What are the five steps of the Misinformation Process?
1) Create fake users
2) Create content on the fake user account
3) Content is liked and shared
4) Real users share the message
5) Mass media picks up the story
What is brand impersonation?
Attackers pretending to be a well known brand in order to fool people into visiting their fake site and download malware and exfiltrate your information.

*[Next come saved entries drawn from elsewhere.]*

lemma f_in_simple_roots: "i \<in> {1..r} \<Longrightarrow> f i \<in> \<Delta>"
  using f_bij bij_betwE by blast

lemma f_eq_iff: "i \<in> {1..r} \<Longrightarrow> j \<in> {1..r} \<Longrightarrow> f i = f j \<longleftrightarrow> i = j"
  using f_bij unfolding bij_betw_def inj_on_def by blast

lemma simple_root_eq_f: "\<alpha> \<in> \<Delta> \<Longrightarrow> \<exists>i\<in>{1..r}. \<alpha> = f i"
  using f_bij by (auto simp: bij_betw_def)

lemma r_pos: "r \<ge> 1"
proof -
  obtain b :: 'a where "b \<in> Basis" using nonempty_Basis by blast
  then have "\<Delta> \<noteq> {}" using span_simple_roots[of b] nonzero_Basis by fastforce
  then show ?thesis using finite_simple_roots by (simp add: Suc_le_eq card_gt_0_iff)
qed

lemma cartan_f:
  assumes i: "i \<in> {1..r}" and j: "j \<in> {1..r}" and "i \<noteq> j"
  shows "cartan (f i) (f j) = (if i = j + 1 \<or> j = i + 1 then -1 else 0)"
proof -
  have simple: "f i \<in> \<Delta>" "f j \<in> \<Delta>" "f i \<noteq> f j"
    using f_in_simple_roots f_eq_iff i j \<open>i \<noteq> j\<close> by auto
  have bond: "cartan (f i) (f j) * cartan (f j) (f i) = (if i = j + 1 \<or> j = i + 1 then 1 else 0)"
    using typeA i j \<open>i \<noteq> j\<close> by (simp add: typeA_numbering_def)
  show ?thesis
  proof (cases "f i \<bullet> f j = 0")
    case True
    then show ?thesis using bond by (simp add: cartan_def split: if_splits)
  next
    case False
    then have "cartan (f i) (f j) \<le> -1" "cartan (f j) (f i) \<le> -1"
      using cartan_simple_roots_le_minus_1 simple by (auto simp: inner_commute)
    moreover from this have "cartan (f i) (f j) * cartan (f j) (f i) \<ge> - cartan (f i) (f j)"
      using mult_left_mono_neg[of "cartan (f j) (f i)" "-1" "cartan (f i) (f j)"] by simp
    ultimately show ?thesis using bond by (auto split: if_splits)
  qed
qed

lemma cf_f: "i \<in> {1..r} \<Longrightarrow> k \<in> {1..r} \<Longrightarrow> cf (f i) k = (if k = i then 1 else 0)"
  using coef_simple_root f_in_simple_roots f_eq_iff by auto

lemma cf_refl_vec_other: "m \<in> {1..r} \<Longrightarrow> k \<in> {1..r} \<Longrightarrow> k \<noteq> m \<Longrightarrow> cf (refl_vec (f m) v) k = cf v k"
  using coef_refl_vec_other f_in_simple_roots f_eq_iff by auto

lemma cf_refl_vec_self:
  assumes m: "m \<in> {1..r}"
  shows "cf (refl_vec (f m) v) m =
    - cf v m + (if 2 \<le> m then cf v (m - 1) else 0) + (if m + 1 \<le> r then cf v (m + 1) else 0)"
proof -
  have "bij_betw f ({1..r} - {m}) (\<Delta> - {f m})"
    using bij_betw_DiffI[OF f_bij, of "{m}" "{f m}"] m f_in_simple_roots by blast
  then have "(\<Sum>\<gamma>\<in>\<Delta> - {f m}. coef v \<gamma> * - cartan \<gamma> (f m)) =
      (\<Sum>j\<in>{1..r} - {m}. cf v j * - cartan (f j) (f m))"
    by (rule sum.reindex_bij_betw[symmetric])
  also have "\<dots> = (\<Sum>j\<in>{1..r} - {m}. (if j = m - 1 then cf v j else 0)
      + (if j = m + 1 then cf v j else 0))"
    using m by (intro sum.cong) (auto simp: cartan_f)
  also have "\<dots> = (if m - 1 \<in> {1..r} - {m} then cf v (m - 1) else 0)
      + (if m + 1 \<in> {1..r} - {m} then cf v (m + 1) else 0)"
    by (simp only: sum.distrib sum.delta finite_Diff finite_atLeastAtMost)
  also have "\<dots> = (if 2 \<le> m then cf v (m - 1) else 0) + (if m + 1 \<le> r then cf v (m + 1) else 0)"
    using m by auto
  finally show ?thesis using coef_refl_vec_self[OF f_in_simple_roots[OF m], of v] by simp
qed

lemma cf_refl_prod_suffix:
  assumes "1 \<le> m" "m \<le> r + 1"
  shows "\<forall>k\<in>{1..r}. cf (refl_prod (map f [m..<r + 1]) \<gamma>) k =
    (if k < m then cf \<gamma> k else (if k = 1 then 0 else cf \<gamma> (k - 1)) - cf \<gamma> r)"
  using assms(2)
proof (induction m rule: inc_induct)
  case (step m)
  let ?w = "refl_prod (map f [Suc m..<r + 1]) \<gamma>"
  have m: "m \<in> {1..r}" using step assms(1) by auto
  have "[m..<r + 1] = m # [Suc m..<r + 1]" using m by (simp add: upt_conv_Cons)
  then have w: "refl_prod (map f [m..<r + 1]) \<gamma> = refl_vec (f m) ?w" by simp
  show ?case
  proof
    fix k assume k: "k \<in> {1..r}"
    show "cf (refl_prod (map f [m..<r + 1]) \<gamma>) k =
      (if k < m then cf \<gamma> k else (if k = 1 then 0 else cf \<gamma> (k - 1)) - cf \<gamma> r)"
    proof (cases "k = m")
      case True
      have "cf ?w m = cf \<gamma> m" using step.IH[rule_format, of m] m by (simp del: upt_Suc)
      moreover have "cf ?w (m - 1) = cf \<gamma> (m - 1)" if "2 \<le> m"
      proof -
        have "m - 1 \<in> {1..r}" "m - 1 < Suc m" using m that by auto
        then show ?thesis using step.IH by (simp del: upt_Suc)
      qed
      moreover have "cf ?w (m + 1) = cf \<gamma> m - cf \<gamma> r" if "m + 1 \<le> r"
        using step.IH[rule_format, of "m + 1"] m that by (simp del: upt_Suc)
      moreover have "m = r" if "\<not> m + 1 \<le> r" using m that by simp
      ultimately show ?thesis
        unfolding w using cf_refl_vec_self[OF m, of ?w] True m by (cases "m + 1 \<le> r") auto
    next
      case False
      then show ?thesis unfolding w using cf_refl_vec_other[OF m k False] step.IH k by (auto simp del: upt_Suc)
    qed
  qed
qed simp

Briefly explain memory injection.
All software runs in memory. Nothing runs on your computer unless it is run through memory and processed on a CPU. By this logic, malware also runs in memory, and has two options to run once it’s inside your PC. It can either run its own processes, or inject itself into a legitimate already running process on your PC. The process of a malware script being inserted into the existing process of other software is called Memory Injection.
What is DLL injection?
Dynamic-Link Library Injection. A type of executable on your system that many different processes and applications use. An attacker can insert his malicious DLL into the legitimate DLL by making a path from a storage device to the legitimate DLL and make it part of the process.
What is DLL?
Ask AI
What is a buffer overflow?
Where an attacker can write more than what’s expected into a particular area of memory and that additional information that they’re writing overflows into another area of memory. It’s a difficult attack to perform, because additional information written onto an application often causes a system to crash.
What is bound checking?
An application developer ensuring that only 8 bytes of data are being written at a time into memory to prevent possible buffer overflow attacks.
What is a race condition?
Where two events happen at nearly the same time with an application, and the application doesn’t take into account that the two events are happening simultaneously.
What is a TOCTOU attack?
Time-of-check to time-of-use attack. An application checks a system to retrieve information that may be stored. After it retrieves that information, it performs a particular function with a particular value. But sometimes something else happens between the time the application checks the system for the value, and the application actually using the value.